Economics and politics - comment and analysis

How climate change is creating ecological, social and political crises. The Californian Drought and the fate of the American forests

Introduction

Regardless of the urban spaces and the technotopes we live in, if the forests go, we go too. And the forests are not doing well. In Hawaii, seemingly ubiquitous ohi’a trees have been dying at an astonishing rate since 2010. These are the US’s only rain forests. If the trees collapse, the whole native ecosystem goes with it. Nearly 50.000 acres of native forest on the big island are infected with rapid ohi’a death disease. It threatens the whole family of metrosideros trees and shrubs which are found mainly in the Pacific (see here). The plight of the ohi’a is not unique. It is part of a crisis playing out in forests all over America. Drought, disease, insects and wildfire are chewing up tens of millions of trees at an incredible pace. Much of it is driven by climate change.

Many of us do not lose sleep over this silent murderous transformation, although mankind’s fate depends on healthy forests. Since the time the first hominids walked across the African savannah until this very day, we have always been dependent on trees. Now climate change is destroying them. Not only do we fail to lower our emissions, climate change is also endangering our natural carbon and methane sinks. The problem is becoming more unsolvable by the day. Growing forests is a very good strategy for creating carbon sinks, but if the trees are not healthy and the forests die, the problem only gets worse. It is not only that we fail to address some problems – higher seas, new weather patterns, droughts and floods. It is a steady accumulation of hundreds of problems, many of which were never foreseen and most of which are unsolvable. Our planet will change beyond recognition. Our societies need to adapt to factors which are out of control. The ecological crisis leads to social and political crises

American forests

California and the mountain states have suffered particularly big die-offs in recent years, with 66 million trees killed in the Sierra Nevada alone since 2010, according to the Forestry Service. In northern California, an invasive pathogen called Sudden Oak Death is infecting hundreds of different plants, from redwoods and ferns to backyard oaks and bay laurels. Once infected, the plants die within two to five years. In Hawaii, warming spread four types of beetles that bore into the ohi’a bark. The beetles carry disease spore on their wings, in their guts and in the sawdust of burrows, spreading it from tree to tree. The numbers of these beetles of the scolylinae family are exploding around the world. They appear unstoppable: spraying each tree with insecticide would be made futile by rain and pheromone-laced traps appear ineffective (see here).

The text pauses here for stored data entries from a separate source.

lemma exec_exp_sound:
  assumes call: "\<And>f vs y t. C f vs = Some (y, t) \<Longrightarrow> f < length P \<and> eval P vs (P ! f) y t"
  shows "exec_exp C env e = Some (v, t) \<Longrightarrow> eval P env e v t"
proof (induction e arbitrary: env v t)
  case (Call f as)
  have "evals P env es vs t" if "set es \<subseteq> set as" "exec_exps C env es = Some (vs, t)" for es vs t
    using that by (induction es arbitrary: vs t)
      (auto split: option.splits intro!: eval_evals.intros(16,17) Call.IH)
  from this[of as] Call.prems show ?case
    by (auto split: option.splits intro!: eval_evals.intros(15) dest!: call)
next
  case (If c a b)
  then obtain m t1 where "exec_exp C env c = Some (VNat m, t1)"
    by (auto split: option.splits val.splits)
  with If show ?case
    by (cases "m = 0") (auto split: option.splits intro: eval_evals.intros(12,13) If.IH)
qed (auto split: option.splits val.splits if_splits intro!: eval_evals.intros[simplified])

text \<open>Since evaluation is deterministic, a call can be resolved by choice. Executing a function
  body with this oracle by simp, after rewriting every call with an already established
  result, derives its value and cost compositionally.\<close>

definition call_result :: "prog \<Rightarrow> nat \<Rightarrow> val list \<Rightarrow> (val \<times> nat) option" where
  "call_result P f vs = (if f < length P \<and> (\<exists>v t. eval P vs (P ! f) v t)
      then Some (SOME (v, t). eval P vs (P ! f) v t) else None)"

lemma call_result_sound: "call_result P f vs = Some (y, t) \<Longrightarrow> f < length P \<and> eval P vs (P ! f) y t"
  unfolding call_result_def
  by (auto split: if_splits) (metis (mono_tags, lifting) case_prod_conv someI)

lemma call_result_eq:
  assumes "f < length P" "eval P vs (P ! f) v t"
  shows "call_result P f vs = Some (v, t)"
proof -
  have "(SOME (v, t). eval P vs (P ! f) v t) = (v, t)"
    using assms(2) eval_deterministic(1) by (intro some_equality) auto
  then show ?thesis
    using assms unfolding call_result_def by auto
qed

lemma exec_exp_eval: "exec_exp (call_result P) env e = Some (v, t) \<Longrightarrow> eval P env e v t"
  by (rule exec_exp_sound) (rule call_result_sound)

section \<open>Merge sort and the greedy tour\<close>

fun halve :: "'a list \<Rightarrow> 'a list \<times> 'a list" where
  "halve [] = ([], [])"
| "halve (x # xs) = (case halve xs of (a, b) \<Rightarrow> (x # b, a))"

lemma halve_length:
  "halve xs = (a, b) \<Longrightarrow> length a = (length xs + 1) div 2 \<and> length b = length xs div 2"
  by (induction xs arbitrary: a b) (auto split: prod.splits)

lemma halve_mset: "halve xs = (a, b) \<Longrightarrow> mset xs = mset a + mset b"
  by (induction xs arbitrary: a b) (auto split: prod.splits)

fun merge_key :: "('a \<Rightarrow> nat) \<Rightarrow> 'a list \<Rightarrow> 'a list \<Rightarrow> 'a list" where
  "merge_key f [] ys = ys"
| "merge_key f xs [] = xs"
| "merge_key f (x # xs) (y # ys) =
     (if f y < f x then y # merge_key f (x # xs) ys else x # merge_key f xs (y # ys))"

lemma mset_merge_key [simp]: "mset (merge_key f xs ys) = mset xs + mset ys"
  by (induction f xs ys rule: merge_key.induct) auto

lemma set_merge_key [simp]: "set (merge_key f xs ys) = set xs \<union> set ys"
  by (metis mset_merge_key set_mset_mset set_mset_union)

lemma sorted_merge_key:
  "sorted (map f xs) \<Longrightarrow> sorted (map f ys) \<Longrightarrow> sorted (map f (merge_key f xs ys))"
  by (induction f xs ys rule: merge_key.induct) auto

function msort_key :: "('a \<Rightarrow> nat) \<Rightarrow> 'a list \<Rightarrow> 'a list" where
  "msort_key f xs = (if length xs \<le> 1 then xs
     else case halve xs of (a, b) \<Rightarrow> merge_key f (msort_key f a) (msort_key f b))"
  by pat_completeness auto
termination
  by (relation "measure (\<lambda>(_, xs). length xs)") (auto dest!: halve_length[OF sym])

declare msort_key.simps [simp del]

lemma mset_msort_key [simp]: "mset (msort_key f xs) = mset xs"
proof (induction f xs rule: msort_key.induct)
  case (1 f xs)
  then show ?case
    by (subst msort_key.simps) (auto split: prod.splits dest: halve_mset)
qed

lemma set_msort_key [simp]: "set (msort_key f xs) = set xs"
  by (metis mset_msort_key set_mset_mset)

lemma length_msort_key [simp]: "length (msort_key f xs) = length xs"
  by (metis mset_msort_key size_mset)

lemma sorted_msort_key: "sorted (map f (msort_key f xs))"
proof (induction f xs rule: msort_key.induct)
  case (1 f xs)
  then show ?case
    by (subst msort_key.simps)
      (auto split: prod.splits intro!: sorted_merge_key simp: le_Suc_eq length_Suc_conv)
qed

definition mid_label :: "nat list \<Rightarrow> nat" where
  "mid_label r = hd (tl r)"

text \<open>T is the time of the last return to the centre. Each leaf, given by its sorted labels,
  is visited using its two smallest labels above T, which returns as early as possible; for
  labels x < y < z this is (x, y) if T < x and (y, z) otherwise.\<close>

fun greedy_tour :: "nat \<Rightarrow> nat list list \<Rightarrow> bool" where
  "greedy_tour T [] = True"
| "greedy_tour T ((x # y # zs) # rs) =
     (if T < x then greedy_tour y rs
      else case zs of [] \<Rightarrow> False | z # _ \<Rightarrow> T < y \<and> greedy_tour z rs)"
| "greedy_tour T (_ # rs) = False"

lemma greedy_tour_ConsE:
  assumes "greedy_tour T (r # rs)" "sorted_wrt (<) r"
  obtains a b where "T < a" "a < b" "a \<in> set r" "b \<in> set r" "greedy_tour b rs"
proof -
  obtain x y zs where r: "r = x # y # zs"
    using assms(1) by (cases r rule: remdups_adj.cases) auto
  show thesis
  proof (cases "T < x")
    case True
    then show thesis using assms r by (intro that[of x y]) auto
  next
    case False
    then obtain z zs' where "zs = z # zs'" "T < y" "greedy_tour z rs"
      using assms(1) r by (auto split: list.splits)
    then show thesis using assms(2) r by (intro that[of y z]) auto
  qed
qed

lemma sorted_two_or_three:
  assumes "sorted_wrt (<) r" "2 \<le> length r" "length r \<le> 3"
  obtains x y where "r = [x, y]" "x < y"
    | x y z where "r = [x, y, z]" "x < y" "y < z"
  using assms by (auto simp: numeral_eq_Suc le_Suc_eq length_Suc_conv)

section \<open>Explorable stars with at most three labels per edge\<close>

abbreviation time_of :: "'v \<times> 'v \<times> nat \<Rightarrow> nat" where
  "time_of te \<equiv> snd (snd te)"

lemma journey_singleton: "time_edge E L (u, v, l) \<Longrightarrow> journey E L u v [(u, v, l)]"
  unfolding journey_def by auto

lemma journey_Cons:
  assumes "time_edge E L (u, w, l)" "journey E L w v js" "l < time_of (js ! 0)"
  shows "journey E L u v ((u, w, l) # js)"
  using assms unfolding journey_def by (auto simp: nth_Cons split: nat.splits)

lemma journey_times_sorted:
  assumes "journey E L u v js"
  shows "sorted_wrt (<) (map time_of js)"
  using assms unfolding journey_def by (auto simp: sorted_wrt_iff_nth_Suc_transp)

lemma visited_Cons: "visited (te # js) = {fst te, fst (snd te)} \<union> visited js"
  unfolding visited_def by auto

lemma star_L_leaf: "i < length ls \<Longrightarrow> star_L ls {0, Suc i} = set (ls ! i)"
proof -
  assume i: "i < length ls"
  have "(THE j. 1 \<le> j \<and> j \<le> length ls \<and> {0, Suc i} = {0, j}) = Suc i"
    using i by (intro the_equality) (auto simp: doubleton_eq_iff)
  moreover have "\<exists>j. 1 \<le> j \<and> j \<le> length ls \<and> {0, Suc i} = {0, j}"
    using i by (intro exI[of _ "Suc i"]) auto
  ultimately show ?thesis
    unfolding star_L_def by simp
qed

Five full years of drought in the West starved trees of water, weakened their defences and created conditions for ‘insect eruptions.’ Bark beetles and mountain pine beetles, usually held in check by wet winters, now have more time to breed and roam. The latter have already expanded their range from British Columbia across the Rockies, to the Yukon border and eastward, into jack pine forests that have never seen any of these insects. Due to climate change, insects become exotics in native forests they have never lived in before. The outcomes look dire. In the redwoods, the loss of nut-producing species leave birds and mammals that rely on them without food. The loss of mountain pines threatens grizzly bears and the critical snowpack that supplies water to life below (see here).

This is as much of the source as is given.